The Joint Solvation Interaction

Round 1

Reviewer 1 Report

Comments and Suggestions for Authors

In the manuscript entitled “The Joint Solvation Interaction”, A. Hassanali and C. K. Egan have used the mixture expansion(ME), an coarse-grained version of the cluster expansion to “bundle” of molecules, to separate joint solvation interaction(JSI) from the total solvent induced interactions(SII). Through ME, the joint solvation interaction has been defined by the free energy difference between a state with full interactions among all solutes and solvent and disjointly-solvated state, in which each solute is interacting with their own solvent, given the interaction between solutes. Then, the authors showed that this new definition becomes equivalent to the total SII when the solutes are rigid. Also, by employing interaction expansion, they showed that the typical hydrophobic, or cavity interaction is naturally included in their JSI, generalizing such indirect solvent-mediated interaction.

 

The manuscript was very interesting to me during I’ve read this, and it could do also for the readers in Entropy, as well as the researchers in the field of macromolecular science, such as polymeric materials or biophysical chemistry. From the theoretical point of view, therefore, I recommend this manuscript to publish in the journal Entropy. But before final acceptance, I comment some minor points to the author, hoping they assign these issues:

 

1.     For the mixture expansion and interaction expansion approaches for JSI, I can agree well to them. But minorly, could the authors note about the remaining cluster terms from total SII, and show whether it corresponds to fully interactions due to the conformational change or includes them?

2.     For partially-coupled MD: The authors proposed MD scheme to compute JSI. This scheme includes some calculations of unphysical, jointly solvated state, by doing two calculations—one is with turning on the A-B and A-V interaction and turning off B-V one, and the other is with turning on the A-B and B-V interaction and turning off A-V one. In such calculations, could there be some technical issues related to the inconsistency of system size? Also, I’m wondering that such calculation represents the 3-diagram with single V double circle connecting with on of A or B, not the 4-diagram with V-A-B-V connection.

3.     Could the authors explain the equation (11) explicitly?

4.     Page 4, line 141: I think the term “ideal mixture” is not proper for the denominator of eqn (5), because ideal mixture means that all A-A, B-B, A-B interactions are same, not that A-B interactions are turned off!!

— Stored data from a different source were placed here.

(* In the linear setting of the context, suppose $f(\phi_{\min})<0$. Then the unique steady state $(\mathbf c^*,v^* )$ of the linear pump-leak system is asymptotically stable on $\mathcal S$, solutions starting in $\mathcal S$ sufficiently close to it converge to it exponentially fast, and the linearization of the system, regarded as an $N$-dimensional ODE on the manifold $\mathcal S$, at the steady state is diagonalizable with real negative eigenvalues.
   Context: Fix an integer $N\ge2$, real valences $z_1,\dots,z_N$ not all zero, $\mathbf z=(z_k)$, positive constants $c_k^{\rm e}$ with $\sum_kz_kc_k^{\rm e}=0$, $A>0$, $z\in\mathbb R$. Let $L$ be a real symmetric positive definite $N\times N$ matrix, $\mathbf p\in\mathbb R^N$ constant, $\zeta>0$, $\mathbf q=L^{-1}\mathbf p$, $f(\phi)=\sum_kc_k^{\rm e}(\exp(-q_k-z_k\phi)-1)$ with unique minimizer $\phi_{\min}$. For $\mathbf c\in(0,\infty)^N,v>0,\phi\in\mathbb R$: $\gamma_k=\ln(c_k/c_k^{\rm e})$, $\mu_k=\gamma_k+z_k\phi$, $\pi_{\rm w}=\sum_kc_k^{\rm e}-(\sum_kc_k+A/v)$. The linear pump-leak system is $\frac{d}{dt}(v\mathbf c)=-L\boldsymbol\mu-\mathbf p$, $0=\sum_kz_kc_k+zA/v$, $\frac{dv}{dt}=-\zeta\pi_{\rm w}$. Eliminating $\phi=-\langle\mathbf z,L\boldsymbol\gamma+\mathbf p\rangle/\langle\mathbf z,L\mathbf z\rangle$ it becomes an ODE for $(\mathbf c,v)$ on $\mathcal S=\{(\mathbf c,v)\in(0,\infty)^{N+1}:\sum_kz_kc_k+zA/v=0\}$, an $N$-dimensional manifold. A steady state is a point of $\mathcal S$ (with the corresponding $\phi$) where $L\boldsymbol\mu+\mathbf p=0$ and $\pi_{\rm w}=0$. It is stable if for every $\varepsilon>0$ there is $\delta>0$ such that every solution with initial value in $\mathcal S$ within distance $\delta$ of it stays within distance $\varepsilon$ for all $t\ge0$; asymptotically stable if moreover all solutions with initial value in $\mathcal S$ sufficiently close converge to it as $t\to\infty$. *)

theory Defs
  imports "HOL-Analysis.Analysis"
begin

text \<open>Ion index type 'n (N = CARD('n)), concentrations
  c :: real^'n, volume v :: real; a state is a pair (c, v) in R^N x R = R^(N+1)
  with the Euclidean (product) metric.  Parameters: valences z, equilibrium
  concentrations ce, impermeant amount A, impermeant valence zi, matrix L,
  pump vector p, water permeability zeta.\<close>

definition vsum :: "real^'n \<Rightarrow> real" where
  "vsum c = (\<Sum>k\<in>UNIV. c $ k)"

definition gam :: "real^'n \<Rightarrow> real^'n \<Rightarrow> real^'n" where
  "gam ce c = (\<chi> k. ln (c $ k / ce $ k))"

definition phiE :: "real^'n \<Rightarrow> real^'n \<Rightarrow> real^'n^'n \<Rightarrow> real^'n \<Rightarrow> real^'n \<Rightarrow> real" where
  "phiE z ce L p c = - (z \<bullet> (L *v gam ce c + p)) / (z \<bullet> (L *v z))"

definition muv :: "real^'n \<Rightarrow> real^'n \<Rightarrow> real \<Rightarrow> real^'n \<Rightarrow> real^'n" where
  "muv z ce phi c = gam ce c + phi *\<^sub>R z"

definition piw :: "real^'n \<Rightarrow> real \<Rightarrow> real^'n \<Rightarrow> real \<Rightarrow> real" where
  "piw ce A c v = vsum ce - (vsum c + A / v)"

definition PLdom :: "((real^'n) \<times> real) set" where
  "PLdom = {(c, v). (\<forall>k. 0 < c $ k) \<and> 0 < v}"

text \<open>The manifold S (electroneutrality constraint).\<close>
definition PLS :: "real^'n \<Rightarrow> real \<Rightarrow> real \<Rightarrow> ((real^'n) \<times> real) set" where
  "PLS z A zi = {(c, v) \<in> PLdom. z \<bullet> c + zi * A / v = 0}"

text \<open>Vector field of the ODE for (c, v) obtained from
  d/dt (v c) = - L mu - p,  dv/dt = - zeta pi_w, after eliminating phi:
  c' = (- L mu - p - v' c) / v.\<close>
definition PLfield :: "real^'n \<Rightarrow> real^'n \<Rightarrow> real \<Rightarrow> real^'n^'n \<Rightarrow> real^'n \<Rightarrow> real
    \<Rightarrow> (real^'n) \<times> real \<Rightarrow> (real^'n) \<times> real" where
  "PLfield z ce A L p zeta = (\<lambda>(c, v).
     let phi = phiE z ce L p c; pw = piw ce A c v in
     ((1 / v) *\<^sub>R (- (L *v muv z ce phi c) - p + (zeta * pw) *\<^sub>R c), - zeta * pw))"

definition PLsteady :: "real^'n \<Rightarrow> real^'n \<Rightarrow> real \<Rightarrow> real \<Rightarrow> real^'n^'n \<Rightarrow> real^'n
    \<Rightarrow> (real^'n) \<times> real \<Rightarrow> bool" where
  "PLsteady z ce A zi L p s = (case s of (c, v) \<Rightarrow>
     s \<in> PLS z A zi \<and> L *v muv z ce (phiE z ce L p c) c + p = 0 \<and> piw ce A c v = 0)"

definition is_sol_on :: "('a::real_normed_vector \<Rightarrow> 'a) \<Rightarrow> 'a set \<Rightarrow> real set \<Rightarrow> (real \<Rightarrow> 'a) \<Rightarrow> bool" where
  "is_sol_on F D I x = (\<forall>t\<in>I. x t \<in> D \<and> (x has_vector_derivative F (x t)) (at t within I))"

definition fwd_interval :: "real set \<Rightarrow> bool" where
  "fwd_interval I = (I = {0..} \<or> (\<exists>T>0. I = {0..<T}))"

definition stable_on :: "('a::real_normed_vector \<Rightarrow> 'a) \<Rightarrow> 'a set \<Rightarrow> 'a set \<Rightarrow> 'a \<Rightarrow> bool" where
  "stable_on F D S s = (\<forall>\<epsilon>>0. \<exists>\<delta>>0. \<forall>I x. fwd_interval I \<longrightarrow> is_sol_on F D I x \<longrightarrow>
      x 0 \<in> S \<longrightarrow> dist (x 0) s < \<delta> \<longrightarrow> (\<forall>t\<in>I. dist (x t) s < \<epsilon>))"

definition asymp_stable_on :: "('a::real_normed_vector \<Rightarrow> 'a) \<Rightarrow> 'a set \<Rightarrow> 'a set \<Rightarrow> 'a \<Rightarrow> bool" where
  "asymp_stable_on F D S s = (stable_on F D S s \<and>
     (\<exists>\<delta>>0. \<forall>x. is_sol_on F D {0..} x \<longrightarrow> x 0 \<in> S \<longrightarrow> dist (x 0) s < \<delta> \<longrightarrow>
        (x \<longlongrightarrow> s) at_top))"

definition exp_convergent_on :: "('a::real_normed_vector \<Rightarrow> 'a) \<Rightarrow> 'a set \<Rightarrow> 'a set \<Rightarrow> 'a \<Rightarrow> bool" where
  "exp_convergent_on F D S s = (\<exists>\<delta>>0. \<exists>C \<kappa>. \<kappa> > 0 \<and>
     (\<forall>I x. fwd_interval I \<longrightarrow> is_sol_on F D I x \<longrightarrow> x 0 \<in> S \<longrightarrow> dist (x 0) s < \<delta> \<longrightarrow>
        (\<forall>t\<in>I. dist (x t) s \<le> C * exp (- \<kappa> * t) * dist (x 0) s)))"

text \<open>Tangent space of S at (c, v): kernel of the derivative of the constraint
  g(c, v) = z . c + zi * A / v.\<close>
definition PLtangent :: "real^'n \<Rightarrow> real \<Rightarrow> real \<Rightarrow> (real^'n) \<times> real \<Rightarrow> ((real^'n) \<times> real) set" where
  "PLtangent z A zi s = {(dc, dv). z \<bullet> dc - zi * A / (snd s)\<^sup>2 * dv = 0}"

definition diag_neg_on :: "('a::real_vector \<Rightarrow> 'a) \<Rightarrow> 'a set \<Rightarrow> bool" where
  "diag_neg_on M T = (M ` T \<subseteq> T \<and>
     (\<exists>B. B \<subseteq> T \<and> independent B \<and> span B = T \<and> (\<forall>b\<in>B. \<exists>r<0. M b = r *\<^sub>R b)))"

definition fPL :: "real^'n \<Rightarrow> real^'n \<Rightarrow> real^'n^'n \<Rightarrow> real^'n \<Rightarrow> real \<Rightarrow> real" where
  "fPL z ce L p phi = (\<Sum>k\<in>UNIV. ce $ k * (exp (- (matrix_inv L *v p) $ k - z $ k * phi) - 1))"

definition phi_min :: "real^'n \<Rightarrow> real^'n \<Rightarrow> real^'n^'n \<Rightarrow> real^'n \<Rightarrow> real" where
  "phi_min z ce L p = (THE phi. \<forall>psi. fPL z ce L p phi \<le> fPL z ce L p psi)"

end

theory Submission
  imports Defs "HOL-Real_Asymp.Real_Asymp"
begin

5.     The remains are some typos:

Page 3, line 97: R_A and R_A à R_A and R_B

Page 4, line 131: v_a,b à u_a,b

Author Response

We are indebted to the reviewer for the extremely helpful feedback. Here are our responses:

 

Comment 1:  For the mixture expansion and interaction expansion approaches for JSI, I can agree well to them. But minorly, could the authors note about the remaining cluster terms from total SII, and show whether it corresponds to fully interactions due to the conformational change or includes them?

Response 1:  Excellent point! We have added this to the discussion in section 6. Thank you for the suggestion!

 

Comment 2:  For partially-coupled MD: The authors proposed MD scheme to compute JSI. This scheme includes some calculations of unphysical, jointly solvated state, by doing two calculations—one is with turning on the A-B and A-V interaction and turning off B-V one, and the other is with turning on the A-B and B-V interaction and turning off A-V one. In such calculations, could there be some technical issues related to the inconsistency of system size? Also, I’m wondering that such calculation represents the 3-diagram with single V double circle connecting with on of A or B, not the 4-diagram with V-A-B-V connection.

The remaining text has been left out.